(* Let $T$ be the $H_3(\mathbb R)$-odometer associated with a nested sequence $\Gamma_1\supset\Gamma_2\supset\cdots$ of lattices in $H_3(\mathbb R)$ such that each $\Gamma_n$ is normal in $\Gamma_1$. If $T$ is free, then $\bigcap_{n=1}^\infty p(\Gamma_n)=\{0\}$.
   Context: $H_3(\mathbb R)$: real $3\times3$ upper triangular unipotent matrices; for $g$ with $(1,2)$ entry $t_1$ and $(2,3)$ entry $t_2$, $p(g)=(t_1,t_2)\in\mathbb R^2$. A lattice is a discrete subgroup of finite covolume. The odometer is the left-translation action on $\varprojlim H_3(\mathbb R)/\Gamma_j$ with the inverse limit of the invariant probabilities. Free: a.e. point has trivial stability group. *)

theory Defs
  imports "HOL-Probability.Probability"
begin

text \<open>The Heisenberg group H_3(R): the unipotent upper triangular matrix with
(1,2) entry a, (2,3) entry b and (1,3) entry c is encoded as the triple (a,b,c).
Its topology and Haar measure are those of R^3 (lborel) in these coordinates.\<close>

type_synonym h3 = "real \<times> real \<times> real"

fun h3_mult :: "h3 \<Rightarrow> h3 \<Rightarrow> h3" where
  "h3_mult (a, b, c) (a', b', c') = (a + a', b + b', c + c' + a * b')"

fun h3_inv :: "h3 \<Rightarrow> h3" where
  "h3_inv (a, b, c) = (- a, - b, a * b - c)"

definition h3_one :: h3 where
  "h3_one = (0, 0, 0)"

fun h3_p :: "h3 \<Rightarrow> real \<times> real" where
  "h3_p (a, b, c) = (a, b)"

definition h3_subgroup :: "h3 set \<Rightarrow> bool" where
  "h3_subgroup G \<longleftrightarrow> h3_one \<in> G \<and> (\<forall>x\<in>G. \<forall>y\<in>G. h3_mult x y \<in> G)
     \<and> (\<forall>x\<in>G. h3_inv x \<in> G)"

text \<open>Lattice: discrete subgroup of finite covolume (there is a Borel set of finite
Haar measure whose right translates by the subgroup cover the group).\<close>
definition h3_lattice :: "h3 set \<Rightarrow> bool" where
  "h3_lattice G \<longleftrightarrow> h3_subgroup G
     \<and> (\<exists>\<epsilon>>0. \<forall>\<gamma>\<in>G. \<gamma> \<noteq> h3_one \<longrightarrow> dist \<gamma> h3_one \<ge> \<epsilon>)
     \<and> (\<exists>F \<in> sets lborel. emeasure lborel F < \<infinity>
          \<and> (\<forall>g. \<exists>f\<in>F. \<exists>\<gamma>\<in>G. g = h3_mult f \<gamma>))"

definition h3_normal_in :: "h3 set \<Rightarrow> h3 set \<Rightarrow> bool" where
  "h3_normal_in N G \<longleftrightarrow> (\<forall>g\<in>G. \<forall>n\<in>N. h3_mult (h3_mult g n) (h3_inv g) \<in> N)"

text \<open>Left cosets g Gamma, i.e. the points of H_3(R)/Gamma.\<close>
definition h3_cosets :: "h3 set \<Rightarrow> h3 set set" where
  "h3_cosets G = {h3_mult g ` G | g. True}"

text \<open>Points of the inverse limit of H_3(R)/Gamma_j.\<close>
definition odo_space :: "(nat \<Rightarrow> h3 set) \<Rightarrow> (nat \<Rightarrow> h3 set) set" where
  "odo_space \<Gamma> = {x. \<forall>j. x j \<in> h3_cosets (\<Gamma> j) \<and> x (Suc j) \<subseteq> x j}"

text \<open>Borel sets of H_3(R)/Gamma: sets of cosets whose union is Borel.\<close>
definition quot_borel :: "h3 set \<Rightarrow> h3 set set set" where
  "quot_borel G = {S. S \<subseteq> h3_cosets G \<and> \<Union>S \<in> sets borel}"

definition odo_sigma :: "(nat \<Rightarrow> h3 set) \<Rightarrow> (nat \<Rightarrow> h3 set) measure" where
  "odo_sigma \<Gamma> = sigma (odo_space \<Gamma>)
     {{x \<in> odo_space \<Gamma>. x j \<in> S} | j S. S \<in> quot_borel (\<Gamma> j)}"

definition odo_act :: "h3 \<Rightarrow> (nat \<Rightarrow> h3 set) \<Rightarrow> (nat \<Rightarrow> h3 set)" where
  "odo_act g x = (\<lambda>j. h3_mult g ` x j)"

definition odo_stab :: "(nat \<Rightarrow> h3 set) \<Rightarrow> h3 set" where
  "odo_stab x = {g. odo_act g x = x}"

text \<open>The odometer measure: a probability on the inverse limit whose image on each
H_3(R)/Gamma_j is the (unique) H_3(R)-invariant probability; such a measure is unique,
so this is the inverse limit of the invariant probabilities.\<close>
definition odo_measure :: "(nat \<Rightarrow> h3 set) \<Rightarrow> (nat \<Rightarrow> h3 set) measure \<Rightarrow> bool" where
  "odo_measure \<Gamma> \<nu> \<longleftrightarrow> space \<nu> = odo_space \<Gamma> \<and> sets \<nu> = sets (odo_sigma \<Gamma>)
     \<and> prob_space \<nu>
     \<and> (\<forall>j g S. S \<in> quot_borel (\<Gamma> j) \<longrightarrow>
          measure \<nu> {x \<in> odo_space \<Gamma>. x j \<in> (\<lambda>C. h3_mult g ` C) ` S}
            = measure \<nu> {x \<in> odo_space \<Gamma>. x j \<in> S})"

definition odo_free :: "(nat \<Rightarrow> h3 set) \<Rightarrow> bool" where
  "odo_free \<Gamma> \<longleftrightarrow> (\<exists>\<nu>. odo_measure \<Gamma> \<nu> \<and> (AE x in \<nu>. odo_stab x = {h3_one}))"

end
lemma compound_sum_level_moments:
  fixes n :: nat
  defines "p \<equiv> prob {\<omega> \<in> space M. N \<omega> = n}"
  shows "integrable M (\<lambda>\<omega>. of_bool (N \<omega> = n) * (\<Sum>i=1..n. real (X i \<omega>)))"
    and "expectation (\<lambda>\<omega>. of_bool (N \<omega> = n) * (\<Sum>i=1..n. real (X i \<omega>))) = p * (real n * jump_mean)"
    and "integrable M (\<lambda>\<omega>. of_bool (N \<omega> = n) * (\<Sum>i=1..n. real (X i \<omega>))\<^sup>2)"
    and "expectation (\<lambda>\<omega>. of_bool (N \<omega> = n) * (\<Sum>i=1..n. real (X i \<omega>))\<^sup>2)
           = p * (real n * jump_second_moment + real n * (real n - 1) * jump_mean\<^sup>2)"
proof -
  note jumps = level_set_jump_moments[where n = n, folded p_def]
  have sum_eq: "of_bool (N \<omega> = n) * (\<Sum>i=1..n. real (X i \<omega>))
                  = (\<Sum>i=1..n. of_bool (N \<omega> = n) * real (X i \<omega>))" for \<omega>
    by (simp add: sum_distrib_left)
  have square_eq: "of_bool (N \<omega> = n) * (\<Sum>i=1..n. real (X i \<omega>))\<^sup>2
      = (\<Sum>i=1..n. \<Sum>l=1..n. of_bool (N \<omega> = n) * (real (X i \<omega>) * real (X l \<omega>)))" for \<omega>
    unfolding power2_eq_square sum_product by (simp add: sum_distrib_left)
  have int_row: "integrable M (\<lambda>\<omega>. \<Sum>l=1..n. of_bool (N \<omega> = n) * (real (X i \<omega>) * real (X l \<omega>)))"
    if "i \<ge> 1" for i
    by (rule Bochner_Integration.integrable_sum) (rule jumps(3)[OF that]; simp)
  show "integrable M (\<lambda>\<omega>. of_bool (N \<omega> = n) * (\<Sum>i=1..n. real (X i \<omega>)))"
    unfolding sum_eq by (rule Bochner_Integration.integrable_sum) (rule jumps(1); simp)
  show "expectation (\<lambda>\<omega>. of_bool (N \<omega> = n) * (\<Sum>i=1..n. real (X i \<omega>))) = p * (real n * jump_mean)"
    unfolding sum_eq by (subst Bochner_Integration.integral_sum) (auto intro: jumps(1) simp: jumps(2))
  show "integrable M (\<lambda>\<omega>. of_bool (N \<omega> = n) * (\<Sum>i=1..n. real (X i \<omega>))\<^sup>2)"
    unfolding square_eq by (rule Bochner_Integration.integrable_sum) (rule int_row; simp)
  have "expectation (\<lambda>\<omega>. of_bool (N \<omega> = n) * (\<Sum>i=1..n. real (X i \<omega>))\<^sup>2)
          = p * (\<Sum>i=1..n. \<Sum>l=1..n. if i = l then jump_second_moment else jump_mean\<^sup>2)"
    unfolding square_eq sum_distrib_left
    by (subst Bochner_Integration.integral_sum, use int_row in simp, intro sum.cong refl,
        subst Bochner_Integration.integral_sum) (auto intro: jumps(3) simp: jumps(4))
  also have "\<dots> = p * (real n * jump_second_moment + real n * (real n - 1) * jump_mean\<^sup>2)"
    using sum_sum_if_eq[of "{1..n}" jump_second_moment "jump_mean\<^sup>2"] by simp
  finally show "expectation (\<lambda>\<omega>. of_bool (N \<omega> = n) * (\<Sum>i=1..n. real (X i \<omega>))\<^sup>2)
      = p * (real n * jump_second_moment + real n * (real n - 1) * jump_mean\<^sup>2)" .
qed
________________________
=== TASK TO COMPLETE ===
If a line in the data holds the string "close", copy that line.

=== TASK RESULT ===
Its topology and Haar measure are those of R^3 (lborel) in these coordinates.\<close>
Haar measure whose right translates by the subgroup cover the group).\<close>
text \<open>Left cosets g Gamma, i.e. the points of H_3(R)/Gamma.\<close>
text \<open>Points of the inverse limit of H_3(R)/Gamma_j.\<close>
text \<open>Borel sets of H_3(R)/Gamma: sets of cosets whose union is Borel.\<close>
so this is the inverse limit of the invariant probabilities.\<close>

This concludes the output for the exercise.